**Available records:**
lemma tau_eqI:
  assumes "T \<ge> 1" "periodic_mod x m T"
    and minimal: "\<And>y. 1 \<le> y \<Longrightarrow> y < T \<Longrightarrow> \<not> periodic_mod x m y"
  shows "tau x m = T"
  unfolding tau_def
proof (rule Least_equality)
  show "1 \<le> T \<and> (\<exists>N. \<forall>i\<ge>N. [x (i + T) = x i] (mod m))"
    using assms by (auto simp: periodic_mod_def)
next
  fix y assume "1 \<le> y \<and> (\<exists>N. \<forall>i\<ge>N. [x (i + y) = x i] (mod m))"
  then show "T \<le> y"
    using minimal periodic_mod_of_eventually[OF assms(2,1)] by (meson not_le)
qed

section \<open>Sequences modulo a high primitive divisor\<close>

text \<open>The element of \<open>L(f)\<close> with initial terms \<open>1, t\<close>.\<close>

definition seq_from_1 :: "int \<Rightarrow> int \<Rightarrow> nat \<Rightarrow> int" where
  "seq_from_1 a t j = lucas_u a (Suc j) + (t - a) * lucas_u a j"

lemma seq_from_1_linear: "seq_from_1 a t j = seq_from_1 a 0 j + t * lucas_u a j"
  by (simp add: seq_from_1_def algebra_simps)

lemma in_L_seq_from_1: "in_L a (seq_from_1 a t)"
  unfolding seq_from_1_def
  using in_L_linear[OF in_L_shift[OF in_L_lucas_u] in_L_lucas_u, of a 1 "t - a"] by simp

lemma casoratian_seq_from_1: "casoratian (seq_from_1 a 0) (lucas_u a) 0 = 1"
  by (simp add: casoratian_def seq_from_1_def)

text \<open>Here n = 2h and v is the p-adic valuation of l(n); the conditions on U(k), V(k) for k < n
  express that p is a primitive divisor, as a l(k) is U(k) or V(k).\<close>

locale high_divisor =
  fixes a p :: int and n h v :: nat
  assumes prime: "prime p" and odd: "odd p"
    and n_eq: "n = 2 * h" and h_ge: "h \<ge> 2"
    and dvd_lucas_u_n: "p^v dvd lucas_u a n"
    and not_dvd_disc: "\<not> p dvd disc a"
    and not_dvd_lucas_u: "\<And>k. 1 \<le> k \<Longrightarrow> k < n \<Longrightarrow> even k \<Longrightarrow> \<not> p dvd lucas_u a k"
    and not_dvd_lucas_v: "\<And>k. 1 \<le> k \<Longrightarrow> k < n \<Longrightarrow> odd k \<Longrightarrow> \<not> p dvd lucas_v a k"
    and high: "int n < p^v"
begin

lemma dvd_cancel: "\<not> p dvd c \<Longrightarrow> p^v dvd c * d \<longleftrightarrow> p^v dvd d"
  using prime by (simp add: prime_imp_coprime coprime_dvd_mult_right_iff)

lemma dvd_cancel_2: "p^v dvd 2 * d \<longleftrightarrow> p^v dvd d"
proof -
  have "\<not> p dvd 2"
  proof
    assume "p dvd 2"
    then have "p \<le> 2" by (simp add: zdvd_imp_le)
    then show False using prime_ge_2_int[OF prime] odd by simp
  qed
  then show ?thesis by (rule dvd_cancel)
qed

lemma dvd_shift_diff_iff:
  assumes z: "in_L a z" and k: "1 \<le> k" "k < n"
  shows "p^v dvd z (m + 2 * k) - z m
    \<longleftrightarrow> p^v dvd (if even k then companion a z (m + k) else z (m + k))"
proof (cases "even k")
  case True
  then show ?thesis
    using lucas_u_shift[OF z, of m k] dvd_cancel[OF not_dvd_lucas_u[OF k True]] by simp
next
  case False
  then show ?thesis
    using lucas_v_shift[OF z, of m k] dvd_cancel[OF not_dvd_lucas_v[OF k False]] by simp
qed

lemma antiperiodic:
  assumes z: "in_L a z"
  shows "p^v dvd z (m + n) + z m"
proof (cases "even h")
  case True
  have "p^v dvd lucas_v a h"
    using dvd_lucas_u_n dvd_cancel[OF not_dvd_lucas_u[of h]] True h_ge
    by (simp add: n_eq lucas_u_double)
  then show ?thesis
    using lucas_v_shift[OF z, of m h] True by (simp add: n_eq)
next
  case False
  have "lucas_u a n = lucas_v a h * lucas_u a h"
    unfolding n_eq lucas_u_double by (rule mult.commute)
  then have "p^v dvd lucas_u a h"
    using dvd_lucas_u_n dvd_cancel[OF not_dvd_lucas_v[of h]] False h_ge by (simp add: n_eq)
  then show ?thesis
    using lucas_u_shift[OF z, of m h] False by (simp add: n_eq)
qed

lemma dvd_shift_n_iff: "in_L a z \<Longrightarrow> p^v dvd z (m + n) \<longleftrightarrow> p^v dvd z m"
  using antiperiodic[of z m] by (metis dvd_add_right_iff dvd_add_left_iff)

lemma dvd_half_shift_iff:
  assumes z: "in_L a z"
  shows "p^v dvd (if even h then companion a z (m + h) else z (m + h)) \<longleftrightarrow> p^v dvd z m"
proof -
  have "z (m + n) - z m = (z (m + n) + z m) - 2 * z m" by simp
  then have "p^v dvd z (m + n) - z m \<longleftrightarrow> p^v dvd 2 * z m"
    by (simp only:) (rule dvd_diff_right_iff[OF antiperiodic[OF z]])
  then have "p^v dvd z (m + n) - z m \<longleftrightarrow> p^v dvd z m"
    by (simp add: dvd_cancel_2)
  then show ?thesis
    using dvd_shift_diff_iff[OF z, of h m] h_ge by (simp add: n_eq)
qed

text \<open>For odd \<open>h\<close> the zeros of \<open>W z\<close> are not controlled by those of \<open>z\<close>, so the first \<open>h\<close>
  terms of \<open>W z\<close> are probed as well.\<close>

definition probe :: "(nat \<Rightarrow> int) \<Rightarrow> nat \<Rightarrow> int" where
  "probe z i = (if odd h \<and> h \<le> i then companion a z (i - h) else z i)"

lemma exists_probe_dvd:
  assumes z: "in_L a z" and zero: "p^v dvd z j \<or> p^v dvd companion a z j"
  shows "\<exists>i<n. p^v dvd probe z i"
proof (cases "even h")
  case True
  obtain j' where "p^v dvd z j'"
  proof (cases "p^v dvd z j")
    case True
    then show ?thesis by (rule that)
  next
    case False
    then have "p^v dvd companion a z ((j + h) + h)"
      using zero dvd_shift_n_iff[OF in_L_companion[OF z], of j] by (simp add: n_eq add.assoc mult_2)
    then show ?thesis
      using that dvd_half_shift_iff[OF z, of "j + h"] True by simp
  qed
  then have "p^v dvd z (j' mod n)"
    using mod_invariant[of "\<lambda>i. p^v dvd z i" n] dvd_shift_n_iff[OF z] by blast
  moreover have "j' mod n < n" using h_ge by (simp add: n_eq)
  ultimately show ?thesis using True by (auto simp: probe_def)
next
  case False
  have "p^v dvd y (j mod h) \<longleftrightarrow> p^v dvd y j" if "in_L a y" for y
    using mod_invariant[of "\<lambda>i. p^v dvd y i" h] dvd_half_shift_iff[OF that] False by simp
  then have "p^v dvd z (j mod h) \<or> p^v dvd companion a z (j mod h)"
    using zero in_L_companion[OF z] z by blast
  moreover have "j mod h < h" using h_ge by simp
  ultimately show ?thesis
    using False n_eq by (auto simp: probe_def intro: exI[of _ "j mod h"] exI[of _ "h + j mod h"])
qed

lemma card_probe_dvd_le_1:
  "card {t \<in> {0..<p^v}. p^v dvd probe (seq_from_1 a t) i} \<le> 1"
proof (cases "odd h \<and> h \<le> i")
  case True
  have "{t \<in> {0..<p^v}. p^v dvd probe (seq_from_1 a t) i} = {t \<in> {0..<p^v}.
      p^v dvd companion a (seq_from_1 a 0) (i - h) + t * companion a (lucas_u a) (i - h)}"
    unfolding probe_def if_P[OF True] companion_def
    by (subst (1 2) seq_from_1_linear) (simp add: algebra_simps)
  moreover have "\<not> p dvd casoratian (companion a (seq_from_1 a 0)) (companion a (lucas_u a)) 0"
    using not_dvd_disc
    by (simp add: casoratian_companion in_L_seq_from_1 in_L_lucas_u casoratian_seq_from_1)
  ultimately show ?thesis
    using card_dvd_residues_le_1[OF in_L_companion[OF in_L_seq_from_1]
        in_L_companion[OF in_L_lucas_u] prime] by simp
next
  case False
  have "{t \<in> {0..<p^v}. p^v dvd probe (seq_from_1 a t) i}
      = {t \<in> {0..<p^v}. p^v dvd seq_from_1 a 0 i + t * lucas_u a i}"
    unfolding probe_def if_not_P[OF False] by (subst seq_from_1_linear) simp
  moreover have "\<not> p dvd casoratian (seq_from_1 a 0) (lucas_u a) 0"
    using prime_gt_1_int[OF prime] by (simp add: casoratian_seq_from_1)
  ultimately show ?thesis
    using card_dvd_residues_le_1[OF in_L_seq_from_1 in_L_lucas_u prime] by simp
qed

lemma exists_nonvanishing:
  obtains t where "\<And>j. \<not> p^v dvd seq_from_1 a t j"
    and "\<And>j. \<not> p^v dvd companion a (seq_from_1 a t) j"
proof -
  define S where "S i = {t \<in> {0..<p^v}. p^v dvd probe (seq_from_1 a t) i}" for i
  have "card (\<Union>i<n. S i) \<le> (\<Sum>i<n. card (S i))" by (rule card_UN_le) simp
  also have "\<dots> \<le> n"
    using sum_mono[of "{..<n}" "\<lambda>i. card (S i)" "\<lambda>_. 1"] card_probe_dvd_le_1 by (simp add: S_def)
  also have "n < card {0..<p^v}" using high by simp
  finally have "card (\<Union>i<n. S i) < card {0..<p^v}" .
  moreover have "finite (\<Union>i<n. S i)"
    by (rule finite_subset[of _ "{0..<p^v}"]) (auto simp: S_def)
  ultimately have "\<not> {0..<p^v} \<subseteq> (\<Union>i<n. S i)"
    using card_mono leD by blast
  then obtain t where "t \<in> {0..<p^v}" "\<And>i. i < n \<Longrightarrow> t \<notin> S i" by blast
  then have "\<not> (p^v dvd seq_from_1 a t j \<or> p^v dvd companion a (seq_from_1 a t) j)" for j
    using exists_probe_dvd[OF in_L_seq_from_1] by (auto simp: S_def)
  then show ?thesis using that by blast
qed

lemma no_collision:
  assumes x: "in_L a x"
    and nonvanishing: "\<And>j. \<not> p^v dvd x j" "\<And>j. \<not> p^v dvd companion a x j"
    and st: "s < t" "t < s + 2 * n" "even (t - s)"
  shows "\<not> [x s = x t] (mod p^v)"
proof
  assume "[x s = x t] (mod p^v)"
  then have "p^v dvd x t - x s" using cong_sym cong_iff_dvd_diff by blast
  moreover obtain k where "t - s = 2 * k" using st(3) by (rule evenE)
  then have k: "t = s + 2 * k" "1 \<le> k" "k < n" using st(1,2) by auto
  ultimately show False
    using dvd_shift_diff_iff[OF x k(2,3), of s] nonvanishing by (simp split: if_splits)
qed

lemma periodic_2n:
  assumes x: "in_L a x"
  shows "periodic_mod x (p^v) (2 * n)"
  unfolding periodic_mod_def cong_iff_dvd_diff
proof
  fix j
  have "x (j + 2 * n) - x j = (x ((j + n) + n) + x (j + n)) - (x (j + n) + x j)"
    by (simp add: mult_2 add.assoc)
  also have "p^v dvd \<dots>"
    by (intro dvd_diff antiperiodic[OF x])
  finally show "p^v dvd x (j + 2 * n) - x j" .
qed

lemma tau_eq_2n:
  assumes x: "in_L a x"
    and nonvanishing: "\<And>j. \<not> p^v dvd x j" "\<And>j. \<not> p^v dvd companion a x j"
  shows "tau x (p^v) = 2 * n"
proof (rule tau_eqI)
  show "1 \<le> 2 * n" using h_ge n_eq by simp
  show periodic: "periodic_mod x (p^v) (2 * n)" by (rule periodic_2n[OF x])
  fix y assume y: "1 \<le> y" "y < 2 * n"
  show "\<not> periodic_mod x (p^v) y"
  proof
    assume y_per: "periodic_mod x (p^v) y"
    define y' where "y' = (if even y then y else 2 * (y mod n))"
    have "periodic_mod x (p^v) y'"
      using periodic_mod_mod[OF periodic periodic_mod_add[OF y_per y_per]] y_per
      by (simp add: y'_def mult_2[symmetric] mod_mult_mult1)
    then have "[x 0 = x y'] (mod p^v)"
      unfolding periodic_mod_def using cong_sym by (metis add_0)
    moreover have "y mod n \<noteq> 0" if "odd y"
      using that n_eq by (metis dvd_mult_left mod_0_imp_dvd)
    then have "0 < y'" "y' < 2 * n" "even y'"
      using y h_ge n_eq by (auto simp: y'_def)
    ultimately show False
      using no_collision[OF x nonvanishing, of 0 y'] by simp
  qed
qed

**Your assignment:** Wherever "also" appears in the listing, report the line it is on.

**Task output:**
  also have "\<dots> \<le> n"
  also have "n < card {0..<p^v}" using high by simp
  also have "p^v dvd \<dots>"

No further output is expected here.